Previously, the English term “open joint-stock company” was used in relation to JSC. By analogy with it, the current public joint stock companies can be called a public joint-stock company. This conclusion is confirmed by the practice of using this term in relation to companies from Ukraine, where PJSCs have existed for a long time.

In addition, the difference in right-wing terminology in English-speaking countries should also be taken into account. Thus, by analogy with UK law, the term “public limited company” is theoretically acceptable, and with US law - “public corporation”.

The latter, however, is undesirable, since it may mislead foreign counterparties. Apparently, the public joint-stock company option is optimal:

  • it is used mainly only for organizations from post-Soviet countries;
  • quite clearly marks the organizational and legal form of society.

So, what can ultimately be said about innovations in civil legislation concerning public and non-public legal entities? In general, they make the system of organizational and legal forms for commercial organizations in Russia more logical and harmonious.

It is not difficult to make changes to the statutory documents. It is enough to rename the company according to the new rules of the Civil Code of the Russian Federation.
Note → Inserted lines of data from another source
lemma purifiable_rho_two_iff:
  assumes "y \<ge> -1"
  shows "purifiable (rho 2 y) \<longleftrightarrow> fidelity (cluster_vec 2) (rho 2 y) > 1 / 2"
proof -
  have "\<forall>a<2. \<forall>c<2. 0 \<le> (1 + of_bool (a = 0 \<and> c = 0) * y) / (4 + y)"
    using assms by simp
  then show ?thesis
    unfolding bell_mixture_rho_two by (rule purifiable_bell_mixture_iff)
qed

lemma fidelity_rho_gt_iff:
  assumes "1 \<le> N" "x \<ge> -1"
  shows "fidelity (cluster_vec N) (rho N x) > 1 / 3 + 1 / (3 * 2 ^ (N - 1)) \<longleftrightarrow> x > 2 ^ (N - 1)"
proof -
  define K :: real where "K = 2 ^ (N - 1)"
  have K: "K \<ge> 1" "2 ^ N = 2 * K"
    using assms(1) by (simp_all add: K_def flip: power_Suc)
  have pos: "2 * K + x > 0"
    using K assms(2) by linarith
  have "fidelity (cluster_vec N) (rho N x) > 1 / 3 + 1 / (3 * K) \<longleftrightarrow> (1 + x) / (2 * K + x) > 1 / 3 + 1 / (3 * K)"
    by (simp add: fidelity_rho K)
  also have "\<dots> \<longleftrightarrow> 0 < (2 * K - 1) * (x - K)"
    using K pos by (simp add: field_simps)
  also have "\<dots> \<longleftrightarrow> x > K"
    using K by (simp add: zero_less_mult_iff)
  finally show ?thesis
    unfolding K_def .
qed

lemma purifiable_rho_two_scaled_iff:
  assumes "2 \<le> N" "x \<ge> -1"
  shows "purifiable (rho 2 (x / 2 ^ (N - 2))) \<longleftrightarrow> x > 2 ^ (N - 1)"
proof -
  have "(1::real) \<le> 2 ^ (N - 2)"
    by simp
  then have "-(2 ^ (N - 2)) \<le> x"
    using assms(2) by linarith
  then have y: "-1 \<le> x / 2 ^ (N - 2)"
    by (simp add: le_divide_eq)
  \<comment> \<open>for two qubits the fidelity threshold is 1/3 + 1/6 = 1/2\<close>
  have "purifiable (rho 2 (x / 2 ^ (N - 2))) \<longleftrightarrow> x / 2 ^ (N - 2) > 2"
    using purifiable_rho_two_iff[OF y] fidelity_rho_gt_iff[of 2, OF _ y] by simp
  also have "(2::real) ^ (N - 1) = 2 * 2 ^ (N - 2)"
    using assms(1) by (simp flip: power_Suc)
  then have "x / 2 ^ (N - 2) > 2 \<longleftrightarrow> x > 2 ^ (N - 1)"
    by (simp add: less_divide_eq mult.commute)
  finally show ?thesis .
qed
text \<open>Since \<open>N\<close> is abelian, it acts trivially on itself by conjugation. Hence a crossed
  homomorphism \<open>\<phi>\<close> restricts to a homomorphism \<open>\<phi> \<circ> i\<close>, and comparing the cocycle identity
  for \<open>x \<cdot> i n\<close> and for \<open>i (x \<cdot> n) \<cdot> x\<close> (the same element of \<open>G\<close>) shows that \<open>\<phi> \<circ> i\<close>
  commutes with the \<open>G\<close>-action. These two facts make \<open>\<phi> \<diamond> \<psi> = \<phi> \<circ> i \<circ> \<psi>\<close> a crossed
  homomorphism again, make \<open>\<diamond>\<close> left distributive, and make \<open>Res\<close> land in \<open>End\<^sub>Q(N)\<close>; all
  remaining ring axioms hold pointwise.\<close>

locale abelian_normal_embedding =
  fixes G :: "('g, 'a) monoid_scheme" and N :: "('n, 'b) monoid_scheme" and i :: "'n \<Rightarrow> 'g"
  assumes group_G: "group G" and comm_group_N: "comm_group N"
    and i_hom: "i \<in> hom N G" and i_inj: "inj_on i (carrier N)"
    and image_normal: "i ` carrier N \<lhd> G"
begin

interpretation G: group G by (rule group_G)
interpretation N: comm_group N by (rule comm_group_N)

lemma i_closed [simp]: "n \<in> carrier N \<Longrightarrow> i n \<in> carrier G"
  using i_hom by (auto simp: hom_def)

lemma i_mult: "a \<in> carrier N \<Longrightarrow> b \<in> carrier N \<Longrightarrow> i (a \<otimes>\<^bsub>N\<^esub> b) = i a \<otimes>\<^bsub>G\<^esub> i b"
  using i_hom by (simp add: hom_def)

lemma i_eq_iff: "a \<in> carrier N \<Longrightarrow> b \<in> carrier N \<Longrightarrow> i a = i b \<longleftrightarrow> a = b"
  using i_inj by (auto simp: inj_on_def)

lemma conj_act_unique:
  assumes "x \<in> carrier G" "n \<in> carrier N"
  shows "\<exists>!m. m \<in> carrier N \<and> i m = x \<otimes>\<^bsub>G\<^esub> i n \<otimes>\<^bsub>G\<^esub> inv\<^bsub>G\<^esub> x"
proof -
  have "x \<otimes>\<^bsub>G\<^esub> i n \<otimes>\<^bsub>G\<^esub> inv\<^bsub>G\<^esub> x \<in> i ` carrier N"
    using assms by (simp add: normal.inv_op_closed2 [OF image_normal])
  then obtain m where "m \<in> carrier N" "i m = x \<otimes>\<^bsub>G\<^esub> i n \<otimes>\<^bsub>G\<^esub> inv\<^bsub>G\<^esub> x"
    by (metis imageE)
  then show ?thesis
    using i_eq_iff by metis
qed

lemma conj_act_closed [simp]: "x \<in> carrier G \<Longrightarrow> n \<in> carrier N \<Longrightarrow> conj_act G N i x n \<in> carrier N"
  unfolding conj_act_def using theI' [OF conj_act_unique] by blast

lemma i_conj_act:
  "x \<in> carrier G \<Longrightarrow> n \<in> carrier N \<Longrightarrow> i (conj_act G N i x n) = x \<otimes>\<^bsub>G\<^esub> i n \<otimes>\<^bsub>G\<^esub> inv\<^bsub>G\<^esub> x"
  unfolding conj_act_def using theI' [OF conj_act_unique] by blast

lemma conj_act_eqI:
  assumes "x \<in> carrier G" "n \<in> carrier N" "m \<in> carrier N"
    and "i m = x \<otimes>\<^bsub>G\<^esub> i n \<otimes>\<^bsub>G\<^esub> inv\<^bsub>G\<^esub> x"
  shows "conj_act G N i x n = m"
  using assms by (simp flip: i_conj_act add: i_eq_iff)

lemma conj_act_mult:
  assumes "x \<in> carrier G" "a \<in> carrier N" "b \<in> carrier N"
  shows "conj_act G N i x (a \<otimes>\<^bsub>N\<^esub> b) = conj_act G N i x a \<otimes>\<^bsub>N\<^esub> conj_act G N i x b"
proof (rule conj_act_eqI)
  have "x \<otimes>\<^bsub>G\<^esub> i a \<otimes>\<^bsub>G\<^esub> inv\<^bsub>G\<^esub> x \<otimes>\<^bsub>G\<^esub> (x \<otimes>\<^bsub>G\<^esub> i b \<otimes>\<^bsub>G\<^esub> inv\<^bsub>G\<^esub> x)
      = x \<otimes>\<^bsub>G\<^esub> (i a \<otimes>\<^bsub>G\<^esub> i b) \<otimes>\<^bsub>G\<^esub> inv\<^bsub>G\<^esub> x"
    using assms by (simp add: G.m_assoc G.inv_solve_left')
  then show "i (conj_act G N i x a \<otimes>\<^bsub>N\<^esub> conj_act G N i x b) = x \<otimes>\<^bsub>G\<^esub> i (a \<otimes>\<^bsub>N\<^esub> b) \<otimes>\<^bsub>G\<^esub> inv\<^bsub>G\<^esub> x"
    using assms by (simp add: i_mult i_conj_act)
qed (use assms in auto)

lemma conj_act_one:
  assumes "x \<in> carrier G"
  shows "conj_act G N i x \<one>\<^bsub>N\<^esub> = \<one>\<^bsub>N\<^esub>"
proof -
  have "conj_act G N i x \<one>\<^bsub>N\<^esub> \<otimes>\<^bsub>N\<^esub> conj_act G N i x \<one>\<^bsub>N\<^esub> = conj_act G N i x \<one>\<^bsub>N\<^esub>"
    using conj_act_mult [OF assms N.one_closed N.one_closed] by simp
  then show ?thesis
    using assms by (simp add: N.l_cancel_one)
qed

lemma conj_act_inv:
  assumes "x \<in> carrier G" "a \<in> carrier N"
  shows "conj_act G N i x (inv\<^bsub>N\<^esub> a) = inv\<^bsub>N\<^esub> conj_act G N i x a"
proof -
  have "conj_act G N i x (inv\<^bsub>N\<^esub> a) \<otimes>\<^bsub>N\<^esub> conj_act G N i x a = \<one>\<^bsub>N\<^esub>"
    using assms conj_act_mult [OF assms(1) N.inv_closed [OF assms(2)] assms(2)]
    by (simp add: conj_act_one)
  then show ?thesis using assms by (simp add: N.inv_equality)
qed

lemma conj_act_image_trivial:
  assumes "a \<in> carrier N" "m \<in> carrier N"
  shows "conj_act G N i (i a) m = m"
proof (rule conj_act_eqI)
  have "i a \<otimes>\<^bsub>G\<^esub> i m = i m \<otimes>\<^bsub>G\<^esub> i a"
    using assms by (simp flip: i_mult add: N.m_comm)
  then show "i m = i a \<otimes>\<^bsub>G\<^esub> i m \<otimes>\<^bsub>G\<^esub> inv\<^bsub>G\<^esub> i a"
    using assms by (simp add: G.m_assoc)
qed (use assms in auto)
The legalization of agreements between shareholders (corporate agreement in accordance with Article 67.2 of the Civil Code of the Russian Federation) can be considered a step forward.

Both for the state and for society as a whole, the division of persons into individuals and legal entities has special importance. Moreover, it is a fundamental factor for many articles of the Civil, Administrative, Labor and other codes of the Russian Federation.

Comparison of a legal entity and an individual

In order to take into account the interests of individuals as much as possible, you need to know whether this person is an individual or a legal entity. Legal capacity, risks, properties - for individuals and legal entities many differences. So, first let's look at these two concepts.

Individual is a person, with or without citizenship, who has responsibilities and rights simply because he exists. By virtue of his birth, he has legal capacity, and legal capacity is determined by his age. Legal capacity and legal capacity can only be limited by a court decision, or in accordance with the law.

Entity is an organization that has been registered in accordance with all the rules defined by law. This organization may have as its main goal both making a profit and simply working for a society or idea.

Legal entities, as a rule, have an organizational form. So, the most common form is an LLC, but a legal entity can also be a joint stock company, etc.

Let's consider the main differences between an individual and a legal entity.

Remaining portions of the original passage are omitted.